“you’re every car that passes by/everybody in the corner of my eye” (off my mind, joe p) // i remember the good times and the bad ones, too
the afternoons were always
blue-green. the mornings were
always a young, summer type of yellow. the
evenings, they were
always
orange-black-yellow.
the orange of the setting sun,
the black of the coming dark night,
and the yellow of the lamplight
and your bedsheets.
i still remember the sounds of the birds
and the way the carpet smelled before
you had it torn up and replaced
with that white, fake-wood stuff.
i still remember you
singing to tom jones,
the grease on the table,
the way you made me mac and cheese,
the way you made me ramen
that i still can’t get perfect
and it bugs me that i miss the way you made it.
i still remember us looking through boxes of movies
and finding the best ones
and watching them while my uncle was at work.
i still remember our walks
and helping you water the plants
and helping you pick the oranges that were really mandarins
(i still remember you correcting me).
i still remember dog sitting with you,
and you sneaking me yorks,
and showing me around the bathroom of the neighbor’s house.

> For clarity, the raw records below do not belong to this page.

(* Let $X$ be an SE-space with Freudenthal compactification $FX$ such that $w(FX\setminus X)\leq\aleph_0$. Then $FX$ is an Eberlein compact.
   Context: "Space" means topological $T_0$-space; $w$ denotes weight. A family of subsets of a set is strongly point-finite if every countably infinite subfamily contains a finite subfamily with empty intersection. A space $X$ is an SE-space if it has a strongly point-finite family $\alpha$ of clopen subsets such that $\alpha\cup\{X\setminus V:V\in\alpha\}$ is a subbase of $X$ (such spaces are zero-dimensional Hausdorff, hence rim-compact). For a rim-compact space $X$, the Freudenthal compactification $FX$ is the largest Hausdorff compactification of $X$ whose remainder is zero-dimensionally embedded. An Eberlein compact is a compact Hausdorff space homeomorphic to a weakly compact subset of a Banach space. *)

theory Defs
  imports "HOL-Analysis.Analysis"
begin

definition strongly_point_finite :: "'a set set \<Rightarrow> bool" where
  "strongly_point_finite \<A> \<longleftrightarrow>
     (\<forall>\<B> \<subseteq> \<A>. countable \<B> \<and> infinite \<B> \<longrightarrow>
        (\<exists>\<C> \<subseteq> \<B>. finite \<C> \<and> \<C> \<noteq> {} \<and> \<Inter>\<C> = {}))"

definition subbase_of :: "'a set set \<Rightarrow> 'a topology \<Rightarrow> bool" where
  "subbase_of \<S> X \<longleftrightarrow> (\<forall>S \<in> \<S>. S \<subseteq> topspace X) \<and> topology_generated_by \<S> = X"

definition SE_space :: "'a topology \<Rightarrow> bool" where
  "SE_space X \<longleftrightarrow> t0_space X \<and>
     (\<exists>\<A>. (\<forall>V \<in> \<A>. closedin X V \<and> openin X V) \<and> strongly_point_finite \<A> \<and>
          subbase_of (\<A> \<union> {topspace X - V | V. V \<in> \<A>}) X)"

definition hausdorff_compactification :: "'a topology \<Rightarrow> 'b topology \<Rightarrow> ('a \<Rightarrow> 'b) \<Rightarrow> bool" where
  "hausdorff_compactification X K e \<longleftrightarrow>
     compact_space K \<and> Hausdorff_space K \<and> embedding_map X K e \<and>
     K closure_of (e ` topspace X) = topspace K"

definition zero_dim_embedded :: "'b topology \<Rightarrow> 'b set \<Rightarrow> bool" where
  "zero_dim_embedded K Y \<longleftrightarrow>
     (\<forall>y \<in> Y. \<forall>U. openin K U \<and> y \<in> U \<longrightarrow>
        (\<exists>V. openin K V \<and> y \<in> V \<and> V \<subseteq> U \<and> K frontier_of V \<inter> Y = {}))"

definition zd_compactification :: "'a topology \<Rightarrow> 'b topology \<Rightarrow> ('a \<Rightarrow> 'b) \<Rightarrow> bool" where
  "zd_compactification X K e \<longleftrightarrow>
     hausdorff_compactification X K e \<and>
     zero_dim_embedded K (topspace K - e ` topspace X)"

definition compactification_ge :: "'b topology \<Rightarrow> ('a \<Rightarrow> 'b) \<Rightarrow> 'c topology \<Rightarrow> ('a \<Rightarrow> 'c) \<Rightarrow> bool" where
  "compactification_ge K e K' e' \<longleftrightarrow>
     (\<exists>g. continuous_map K K' g \<and> (\<forall>x. g (e x) = e' x))"

text \<open>Competing
compactifications are taken with points in the type 'a set set; every Hausdorff
compactification of X has cardinality at most 2^2^|X| and is therefore equivalent to one of
these.\<close>
definition freudenthal_compactification :: "'a topology \<Rightarrow> 'b topology \<Rightarrow> ('a \<Rightarrow> 'b) \<Rightarrow> bool" where
  "freudenthal_compactification X FX e \<longleftrightarrow>
     zd_compactification X FX e \<and>
     (\<forall>(K :: 'a set set topology) e'. zd_compactification X K e' \<longrightarrow>
        compactification_ge FX e K e')"

definition real_banach_str ::
  "'v set \<Rightarrow> ('v \<Rightarrow> 'v \<Rightarrow> 'v) \<Rightarrow> (real \<Rightarrow> 'v \<Rightarrow> 'v) \<Rightarrow> 'v \<Rightarrow> ('v \<Rightarrow> real) \<Rightarrow> bool" where
  "real_banach_str V add scl z nrm \<longleftrightarrow>
     z \<in> V \<and>
     (\<forall>x\<in>V. \<forall>y\<in>V. add x y \<in> V) \<and> (\<forall>a. \<forall>x\<in>V. scl a x \<in> V) \<and>
     (\<forall>x\<in>V. \<forall>y\<in>V. \<forall>w\<in>V. add (add x y) w = add x (add y w)) \<and>
     (\<forall>x\<in>V. \<forall>y\<in>V. add x y = add y x) \<and>
     (\<forall>x\<in>V. add x z = x) \<and>
     (\<forall>x\<in>V. \<exists>y\<in>V. add x y = z) \<and>
     (\<forall>a. \<forall>x\<in>V. \<forall>y\<in>V. scl a (add x y) = add (scl a x) (scl a y)) \<and>
     (\<forall>a b. \<forall>x\<in>V. scl (a + b) x = add (scl a x) (scl b x)) \<and>
     (\<forall>a b. \<forall>x\<in>V. scl a (scl b x) = scl (a * b) x) \<and>
     (\<forall>x\<in>V. scl 1 x = x) \<and>
     (\<forall>x\<in>V. nrm x = 0 \<longleftrightarrow> x = z) \<and>
     (\<forall>a. \<forall>x\<in>V. nrm (scl a x) = \<bar>a\<bar> * nrm x) \<and>
     (\<forall>x\<in>V. \<forall>y\<in>V. nrm (add x y) \<le> nrm x + nrm y) \<and>
     (\<forall>s :: nat \<Rightarrow> 'v. (\<forall>n. s n \<in> V) \<and>
          (\<forall>\<epsilon>>0. \<exists>N. \<forall>m\<ge>N. \<forall>n\<ge>N. nrm (add (s m) (scl (-1) (s n))) < \<epsilon>) \<longrightarrow>
          (\<exists>x\<in>V. \<forall>\<epsilon>>0. \<exists>N. \<forall>n\<ge>N. nrm (add (s n) (scl (-1) x)) < \<epsilon>))"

i still remember that halloween
that i dressed up at your house
and we went to the neighbor’s party.
i remember us going to the post office
and checking out the bookcase
of free books together,
and going back to your house
(back home back home back home)
to read them together.
i still remember all the good times
and the bad ones, too.
i still remember the summer i lost you
and the letters i wrote to you
in green and blue pens.
i still remember holding onto the movies we’d bought before
the summer i lost you,
holding on to them and hoping it was enough
that you might want me back.
i still remember all the days and nights and mornings i cried
that summer i lost you.
i still remember the three weeks before my birthday,
just after the summer i lost you,
and how you’d said you wanted to see me.
i still remember needing to take a breather
the night before the fall you lost me,
and a week before my birthday.
i still remember looking up at that midnight black september night,
and hearing the frogs in the canyon croak
and the mountain lions roar,
and sitting in the bed of my uncle’s pickup,
crying alone in the almost-cold warmth.
i still remember how you found me, and hugged me, and cried,
and said that i’d come back and it’d all be better.
i still remember that i came back,
two years later,
and it wasn’t all better.
i still remember the good times,
and the bad ones,
too.
and i still remember all of the plans
written in my poems
and i still cry
because they can’t work
while i still love you. and even if i thought
i’d ever stopped, i never did,
and i don’t know
how i will. because i still remember
all of the bad times, but the good ones, too.